Predictive and Causal Analytics

Chapter 7

Attributive Causal Modeling: Quantifying Human Health Risks Caused by Toxoplasmosis from Open System Production of Swine


Introduction
This is the first of two chapters that apply predictive analytics to two very different risk prediction problems. As in the previous two chapters, the challenge in this one is to estimate human health risks from a pathogen in swine using a combination of plausible conservative estimates of relevant risk factors and probabilistic simulation. However, our focus now shifts to predicting how risks would change if some fraction of swine were shifted from totally confined production systems to more humane open systems. Predicting how interventions change risk requires a causal model, as discussed in Chapter 1. As in Chapters 5 and 6, a simple product-of-factors framework is again suitable (see equation 7.5). Instead of the terms describing propagation of changes along successive links in a causal chain, with the change in the quantity at each step being equal to a sensitivity or slope factor times the change in its predecessor, many of the factors in this chapter are estimated attribution fractions. These describe the fraction of relevant deaths or illnesses per year in the population due to (i.e., attributed to) and caused by infection with a foodborne pathogen; the fraction of them that are attributed specifically to pork consumption, and so forth. Unlike the attributable risk estimates or attributable fractions criticized in Chapter 2, which were derived purely from statistical associations, in this application the causal agent of disease, T. Gondii, is known and can be measured. Predictions for effects of interventions are therefore grounded in causal attribution calculations that can be compared to available data on prevalence and infectivity of the relevant causal agent. Chapter 8 will then turn to a pure prediction problem: how well the entries in one column in a table (indicating in vivo carcinogenicity of chemicals, or lack of it, in rodents) can be predicted from entries in other columns, representing results of relatively inexpensive high-throughput screening (HTS) assays. No causal model is required for this task: predictive analytics algorithms alone suffice.
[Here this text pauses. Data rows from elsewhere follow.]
definition sf_bounded_degree :: "sfun \<Rightarrow> bool" where
  "sf_bounded_degree f \<longleftrightarrow> (\<exists>d. \<forall>\<alpha>. f \<alpha> \<noteq> 0 \<longrightarrow> mdeg \<alpha> \<le> d)"

definition Lambda :: "sfun set" where
  "Lambda = {f. sf_symmetric f \<and> sf_bounded_degree f}"

definition sf_h :: "nat \<Rightarrow> sfun" where
  "sf_h m \<alpha> = (if mdeg \<alpha> = m then 1 else 0)"

definition sf_p :: "nat \<Rightarrow> sfun" where
  "sf_p n \<alpha> = (if \<exists>i. \<alpha> = Poly_Mapping.single i n then 1 else 0)"

definition ring_hom_Lambda :: "(sfun \<Rightarrow> 'b::ring_1) \<Rightarrow> bool" where
  "ring_hom_Lambda \<phi> \<longleftrightarrow> \<phi> sf_one = 1 \<and>
     (\<forall>f\<in>Lambda. \<forall>g\<in>Lambda. \<phi> (sf_add f g) = \<phi> f + \<phi> g \<and> \<phi> (sf_mult f g) = \<phi> f * \<phi> g)"

end

theory Submission
  imports Defs
begin

text \<open>Let H(t) = \<Sum>_m \<phi>(h_m) t^m. Newton's identity m h_m = \<Sum>_{i=1..m} p_i h_{m-i}
  says that H' = P H with P(t) = \<Sum>_j \<phi>(p_{j+1}) t^j. On the other hand H is the exponential
  generating function \<Sum>_m A_m t^m / m! = e^{xt} f_A(t) of the Appell sequence, whose logarithmic
  derivative is x + (log f_A)'. As H(0) = 1, H can be cancelled, so P = x + (log f_A)', and
  comparing coefficients gives the values of \<phi>(p_n).\<close>

lemma fps_deriv_eq_mult_deriv_fps_log1:
  assumes "f $ 0 = 1"
  shows "fps_deriv f = f * fps_deriv (fps_log1 f)"
proof -
  have g0: "(f - 1) $ 0 = 0" using assms by simp
  have "(1 + fps_X) oo (f - 1) = f"
    by (simp only: fps_compose_add_distrib fps_compose_1 fps_X_fps_compose_startby0[OF g0]) simp
  then have "inverse (1 + fps_X) oo (f - 1) = inverse f"
    using fps_inverse_compose[OF g0, of "1 + fps_X"] by simp
  then have "fps_deriv (fps_log1 f) = inverse f * fps_deriv f"
    by (simp add: fps_log1_def fps_compose_deriv[OF g0] fps_ln_deriv)
  then show ?thesis
    using assms by (simp add: inverse_mult_eq_1' flip: mult.assoc)
qed

definition fps_pconst :: "'a::zero fps \<Rightarrow> 'a poly fps" where
  "fps_pconst f = Abs_fps (\<lambda>k. [:f $ k:])"

lemma fps_pconst_nth [simp]: "fps_pconst f $ k = [:f $ k:]"
  by (simp add: fps_pconst_def)

lemma const_poly_sum: "[:sum f S:] = (\<Sum>i\<in>S. [:f i:])"
  by (rule poly_eqI) (simp add: coeff_sum coeff_pCons split: nat.split)

lemma fps_pconst_mult:
  fixes f g :: "'a::comm_semiring_1 fps"
  shows "fps_pconst (f * g) = fps_pconst f * fps_pconst g"
  by (rule fps_ext) (simp add: fps_mult_nth const_poly_sum mult_to_poly mult.commute)

lemma fps_deriv_fps_pconst:
  fixes f :: "'a::comm_semiring_1 fps"
  shows "fps_deriv (fps_pconst f) = fps_pconst (fps_deriv f)"
  by (rule fps_ext) (simp add: of_nat_poly mult_to_poly mult.commute)

lemma pderiv_sum: "pderiv (sum f S) = (\<Sum>i\<in>S. pderiv (f i))"
  using higher_pderiv_sum[of 1] by simp

text \<open>The series e^{xt} in t, whose coefficients are polynomials in x.\<close>

definition fps_exp_x :: "'a::field_char_0 poly fps" where
  "fps_exp_x = Abs_fps (\<lambda>n. monom (1 / fact n) n)"

lemma fps_exp_x_nth_0 [simp]: "fps_exp_x $ 0 = 1"
  by (simp add: fps_exp_x_def)

lemma of_nat_Suc_div_fact_Suc:
  "of_nat (Suc n) * (1 / fact (Suc n)) = (1 / fact n :: 'a::field_char_0)"
  by (simp add: fact_Suc del: of_nat_Suc)

lemma pderiv_fps_exp_x_nth: "pderiv (fps_exp_x $ Suc n) = (fps_exp_x $ n :: 'a::field_char_0 poly)"
  by (simp add: fps_exp_x_def pderiv_monom smult_monom of_nat_Suc_div_fact_Suc del: of_nat_Suc)

lemma fps_deriv_fps_exp_x:
  "fps_deriv fps_exp_x = fps_const [:0, 1:] * (fps_exp_x :: 'a::field_char_0 poly fps)"
  by (rule fps_ext)
    (simp add: fps_exp_x_def of_nat_poly smult_monom of_nat_Suc_div_fact_Suc monom_Suc
      del: of_nat_Suc)

section \<open>The exponential generating function of an Appell sequence\<close>

lemma appell_eqI:
  assumes "appell A" "appell B" "\<And>n. poly (A n) 0 = poly (B n) 0"
  shows "A = B"
proof
  fix n show "A n = B n"
  proof (induction n)
    case 0
    show ?case using assms(1,2) by (simp add: appell_def)
  next
    case (Suc n)
    have "pderiv (A (Suc n) - B (Suc n)) = 0"
      using assms(1,2) Suc.IH by (simp add: appell_def pderiv_diff)
    then obtain c where "A (Suc n) - B (Suc n) = [:c:]"
      by (meson pderiv_eq_0_iff degree_eq_zeroE)
    moreover have "poly (A (Suc n) - B (Suc n)) 0 = 0"
      using assms(3) by simp
    ultimately show ?case by simp
  qed
qed

lemma pderiv_fps_exp_x_mult_nth:
  "pderiv ((fps_exp_x * fps_pconst g) $ Suc n) = (fps_exp_x * fps_pconst g) $ n"
proof -
  have split: "(fps_exp_x * fps_pconst g) $ Suc n =
      smult (g $ Suc n) (fps_exp_x $ 0) + (\<Sum>i\<le>n. smult (g $ (n - i)) (fps_exp_x $ Suc i))"
    unfolding fps_mult_nth atLeast0AtMost sum.atMost_Suc_shift by simp
  show ?thesis
    unfolding split
    by (simp add: pderiv_add pderiv_sum pderiv_smult pderiv_fps_exp_x_nth fps_mult_nth
        atLeast0AtMost)
qed

lemma poly_fps_exp_x_mult_nth_0: "poly ((fps_exp_x * fps_pconst g) $ n) 0 = g $ n"
  by (simp add: fps_mult_nth poly_sum fps_exp_x_def poly_monom power_0_left if_distrib sum.If_cases)

definition appell_egf :: "(nat \<Rightarrow> real poly) \<Rightarrow> real poly fps" where
  "appell_egf A = Abs_fps (\<lambda>n. smult (1 / fact n) (A n))"

lemma appell_f_nth_0: "appell A \<Longrightarrow> appell_f A $ 0 = 1"
  by (simp add: appell_def appell_f_def)

lemma appell_egf_eq:
  assumes "appell A"
  shows "appell_egf A = fps_exp_x * fps_pconst (appell_f A)"
proof -
  define B where "B n = smult (fact n) ((fps_exp_x * fps_pconst (appell_f A)) $ n)" for n
  have B: "appell B"
    unfolding appell_def
  proof (intro conjI allI impI)
    show "B 0 = 1"
      by (simp add: B_def appell_f_nth_0[OF assms])
  next
    fix n :: nat assume "n \<ge> 1"
    then obtain k where "n = Suc k" by (cases n) auto
    then show "pderiv (B n) = smult (real n) (B (n - 1))"
      by (simp add: B_def pderiv_smult pderiv_fps_exp_x_mult_nth del: of_nat_Suc)
  qed
  have "A = B"
    by (rule appell_eqI[OF assms B]) (simp add: B_def poly_fps_exp_x_mult_nth_0 appell_f_def)
  then show ?thesis
    by (intro fps_ext) (simp add: appell_egf_def B_def)
qed

lemma fps_deriv_appell_egf:
  assumes "appell A"
  shows "fps_deriv (appell_egf A) =
    (fps_const [:0, 1:] + fps_pconst (fps_deriv (fps_log1 (appell_f A)))) * appell_egf A"
proof -
  let ?E = "fps_exp_x :: real poly fps"
  let ?F = "fps_pconst (appell_f A)"
  let ?L = "fps_pconst (fps_deriv (fps_log1 (appell_f A)))"
  have "fps_deriv ?F = ?F * ?L"
    using fps_deriv_eq_mult_deriv_fps_log1[OF appell_f_nth_0[OF assms]]
    by (metis fps_deriv_fps_pconst fps_pconst_mult)
  then have "fps_deriv (?E * ?F) = fps_const [:0, 1:] * (?E * ?F) + ?L * (?E * ?F)"
    by (simp add: fps_deriv_fps_exp_x algebra_simps)
  then show ?thesis
    by (simp add: appell_egf_eq[OF assms] distrib_right)
qed

section \<open>Newton's identity in the ring of symmetric functions\<close>

lemma mdeg_add: "mdeg (\<alpha> + \<beta>) = mdeg \<alpha> + mdeg \<beta>"
  unfolding mdeg_def by (rule setsum_keys_plus_distrib[where f = "\<lambda>_ n. n"]) simp_all

lemma mdeg_single: "mdeg (Poly_Mapping.single i k) = k"
  by (cases "k = 0") (simp_all add: mdeg_def)

lemma mdeg_eq_0_iff: "mdeg \<alpha> = 0 \<longleftrightarrow> \<alpha> = 0"
  by (auto simp: mdeg_def poly_mapping_eq_iff fun_eq_iff in_keys_iff)

lemma lookup_le_mdeg: "Poly_Mapping.lookup \<alpha> i \<le> mdeg \<alpha>"
  by (cases "i \<in> Poly_Mapping.keys \<alpha>") (auto simp: mdeg_def in_keys_iff intro: member_le_sum)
For readers who wish to skip ahead, the main points of this chapter are as follows. Open livestock production systems, including free-range and organic livestock systems, seek to improve the welfare of animals by letting them roam in unconfined spaces. This increases their exposure to potentially harmful micro-organisms, including T. gondii. When transmitted through the food chain, T. gondii threatens human health, especially in unborn children of women infected during pregnancy, as well as the lives of patients with compromised immune systems. By contrast, conventional total confinement production systems can now keep this human health risk at or near zero. The probabilistic risk simulation model developed in the rest of this chapter quantifies the trade-off between greater use of open swine production systems and increased cases of toxoplasmosis in humans. It predicts that every 1,804 pigs shifted from conventional total confinement to open production (95% confidence interval 747-9,520) would cause the loss of one additional human quality-adjusted life year (QALY), and that increasing the fraction of U.S. swine raised in open/free range operations by 0.1% (approx. 65,000 pigs) would cause a loss of approximately 36 human QALYs per year, including between 1 and 2 extra adult deaths per year. Methods of causal analytics are valuable largely because they can quantify such tradeoffs and answer what-if questions about how human health risks would change for different interventions, such as if different fraction of pigs were shifted to open production systems. This tells risk managers and policy-makers what they need to know to make decisions that are well-informed about trade-offs and about the probable consequences of different choices.